Our world is awash in strings of certain identifiable structures (money, dates, times, names in formal settings, equations, etc...), try to take the time to obtain several real-life examples, try to make the data come from sources like wikipedia or other publicly available dataset. After demonstrating how each of those 3 or 4 general forms of strings can be described powerfully by this meta character, give 3 or 4 more general forms to the learner to try on their own.

(3) Visualize executions, introducing debugging tools in the process

Just because regexes are declarative, doesn't mean the matching process can't be described in imperative terms, especially initially.

Later on, introduce tools like https://regex101.com/ or https://www.debuggex.com/ and always draw "Rail road digrams" that show what a given regex matches in terms of easily verbalized diagrams.

(4) Disadvantages, subtleties, and other approaches

The learning process isn't a sales pitch, there are plenty of things that suck in regexes. They are non-standard and ad-hocly designed, the runtime engine that runs them can be inefficient (unlikely if the host programming laguage is popular and > 20-years-old, but a thing to keep in mind nontheless: regexes are a whole other language, requiring a seperate interpreter or a compiler other than the one for the surrounding code), and the equivalent imperative code might not be so bad in comparison for simple cases and much more debuggable.

The name "regex" is derived from a misnomer, the orignal "regular expressions" are a mathmetaical formalism to encode finite-state machines, it orignally contained only alternation, sequencing and kleene star (the '|' and the '*' operators, plus putting letters next to each other. That's it, that was the orignal regex capabilities), when programming languages and cmd utilities started to implement them in the 70s and 80s, each started to experiment with features that break this model. For example, "capture groups", the ability of the regex to copy parts of the matched string into variables, trivially break the model : if you can capture arbitarily-long strings, then you can't be a finite state machine.

This increases power but decreases efficiency guarantees (Perl's regex are dangerously close to turing-completenss [https://www.perlmonks.org/?node_id=809842]!, the language is hiding a whole other language inside a single feature) , it also complicate the notation with symbols for the new capabilities that it wasn't designed for, with the result being the mess that regexes' syntax is now. It also means you can never "learn" regex, you can only learn (to whatever accuracy you care) Perl's regex, or Java's regex, or Python's regex. There is a vague set of commonalities, but don't rely on remembering which is a common and which is different when there are so many features implemented in so many ways.

Don't let the learner come away thinking that "declarative" is synonymous with regexes. For example there is the parser combinator style, which can encode the above example as something like:

the_specific_string("meta"). followed_by(ANY_LETTER). repeated(ZERO_OR_MORE_TIMES). build_pattern(). recognize("meta-circular")

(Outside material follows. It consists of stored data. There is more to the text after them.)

definition clone_iso :: "('s \<Rightarrow> nat) \<Rightarrow> ('s, 'c) clone_alg \<Rightarrow> ('s, 'd) clone_alg \<Rightarrow> bool" where
  "clone_iso ar A B \<longleftrightarrow> (\<exists>h. bij_betw h (carrier A) (carrier B)
     \<and> (\<forall>i\<ge>1. h (eop A i) = eop B i)
     \<and> (\<forall>s xs. length xs = ar s \<and> set xs \<subseteq> carrier A \<longrightarrow> h (sop A s xs) = sop B s (map h xs))
     \<and> (\<forall>n x ys. x \<in> carrier A \<and> length ys = n \<and> set ys \<subseteq> carrier A \<longrightarrow>
           h (qop A n x ys) = qop B n (h x) (map h ys)))"

text \<open>For the variety V with equational theory theta, the free algebra F_V is the
  quotient of the term algebra by theta; elements are theta-classes.  Operations are
  computed on chosen representatives (well defined since theta is a fully invariant
  congruence).  q_n(a, b_1..b_n) applies the substitution v_i |-> b_i (i <= n),
  v_i |-> v_i (i > n).\<close>

definition rep :: "'a set \<Rightarrow> 'a" where
  "rep X = (SOME t. t \<in> X)"

definition clone_of_var :: "('s \<Rightarrow> nat) \<Rightarrow> ('s trm \<times> 's trm) set \<Rightarrow> ('s, 's trm set) clone_alg" where
  "clone_of_var ar \<theta> =
     \<lparr> carrier = {t. wf_trm ar t} // \<theta>,
       sop = (\<lambda>s Xs. \<theta> `` {App s (map rep Xs)}),
       qop = (\<lambda>n X Ys. \<theta> `` {subst (\<lambda>j. if j < n then rep (Ys ! j) else Var j) (rep X)}),
       eop = (\<lambda>i. \<theta> `` {Var (i - 1)}) \<rparr>"

end

theory Submission
  imports Defs
begin

(* Evaluating a term t at the constants e_1, e_2, ... maps the well-formed terms onto the
   generated part of a clone algebra A.  By (C1) and (C6), q_N computes substitution:
   the value of t[v_i := u_i] is q_N(value of t, values of the u_i), so the kernel of
   evaluation is closed under substitution and is the equational theory of a variety V.
   When A is minimal, sending c to its fibre of terms is then an isomorphism onto Cl(V).
   Conversely Cl(V) is generated by the classes of the variables, and an isomorphism
   commutes with evaluation of terms, so it carries minimality back to A. *)

primrec trm_vars :: "'s trm \<Rightarrow> nat set" where
  "trm_vars (Var i) = {i}"
| "trm_vars (App s ts) = \<Union>(set (map trm_vars ts))"

lemma finite_trm_vars: "finite (trm_vars t)"
  by (induction t) auto

lemma wf_trm_subst: "wf_trm ar t \<Longrightarrow> (\<And>i. wf_trm ar (g i)) \<Longrightarrow> wf_trm ar (subst g t)"
  by (induction t rule: wf_trm.induct) (auto intro!: wf_trm.intros)

lemma set_subset_imageE:
  assumes "set xs \<subseteq> f ` S"
  obtains ys where "set ys \<subseteq> S" "xs = map f ys"
proof -
  have "xs \<in> lists (f ` S)" using assms by auto
  then show ?thesis using that by (auto simp: lists_image)
qed

lemma clone_alg_axioms:
  assumes "is_clone_alg ar A"
  shows clone_alg_eop_closed: "\<And>i. 1 \<le> i \<Longrightarrow> eop A i \<in> carrier A"
    and clone_alg_sop_closed:
      "\<And>s xs. length xs = ar s \<Longrightarrow> set xs \<subseteq> carrier A \<Longrightarrow> sop A s xs \<in> carrier A"
    and clone_alg_qop_eop: "\<And>n i xs. 1 \<le> i \<Longrightarrow> i \<le> n \<Longrightarrow> length xs = n \<Longrightarrow> set xs \<subseteq> carrier A \<Longrightarrow>
      qop A n (eop A i) xs = xs ! (i - 1)"
    and clone_alg_qop_pad: "\<And>n k x ys. k < n \<Longrightarrow> x \<in> carrier A \<Longrightarrow> length ys = k \<Longrightarrow>
      set ys \<subseteq> carrier A \<Longrightarrow> qop A k x ys = qop A n x (ys @ map (eop A) [k+1..<n+1])"
    and clone_alg_qop_sop: "\<And>n s xs ys. length xs = ar s \<Longrightarrow> set xs \<subseteq> carrier A \<Longrightarrow>
      length ys = n \<Longrightarrow> set ys \<subseteq> carrier A \<Longrightarrow>
      qop A n (sop A s xs) ys = sop A s (map (\<lambda>x. qop A n x ys) xs)"
  using assms unfolding is_clone_alg_def Let_def by (elim conjE; metis)+

(* Var i is the variable v_(i+1), so it evaluates to e_(i+1). *)
primrec eval_trm :: "('s, 'c) clone_alg \<Rightarrow> 's trm \<Rightarrow> 'c" where
  "eval_trm A (Var i) = eop A (Suc i)"
| "eval_trm A (App s ts) = sop A s (map (eval_trm A) ts)"

lemma eval_trm_closed:
  assumes "is_clone_alg ar A"
  shows "wf_trm ar t \<Longrightarrow> eval_trm A t \<in> carrier A"
  by (induction t rule: wf_trm.induct)
    (auto intro!: clone_alg_eop_closed[OF assms] clone_alg_sop_closed[OF assms])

the key idea at play here is a sort of "builder pattern". There is an abstract "parser" object that has a single recognize(str) method, and you can build your pattern by composing together the many customizable childrens that implement this abstract interface. The composition happens by "combinator methods", which takes two or more parsers and build a parser that performs a mixture of their functionalities indicated by the name (e.g. followed_by() takes several parsers and sequences them next to each other, repeated() takes a list of parsers and iterates the last one any number of times, including skipping it entirely). The things being built to represent parsers are generally (in functional languages at least) closures, but there is no reason why this pattern can't be built on top of regexes, each step simply generates the equivalent meta-character, and build_pattern returns the final pattern string.

There are tons of those "Parser approaches", formalisms, tools, patterns and libraries to express strings and string-recognition and parsing declaritevly. Regexes are merely the most famous and widespread, which is a sad state of affairs IMO.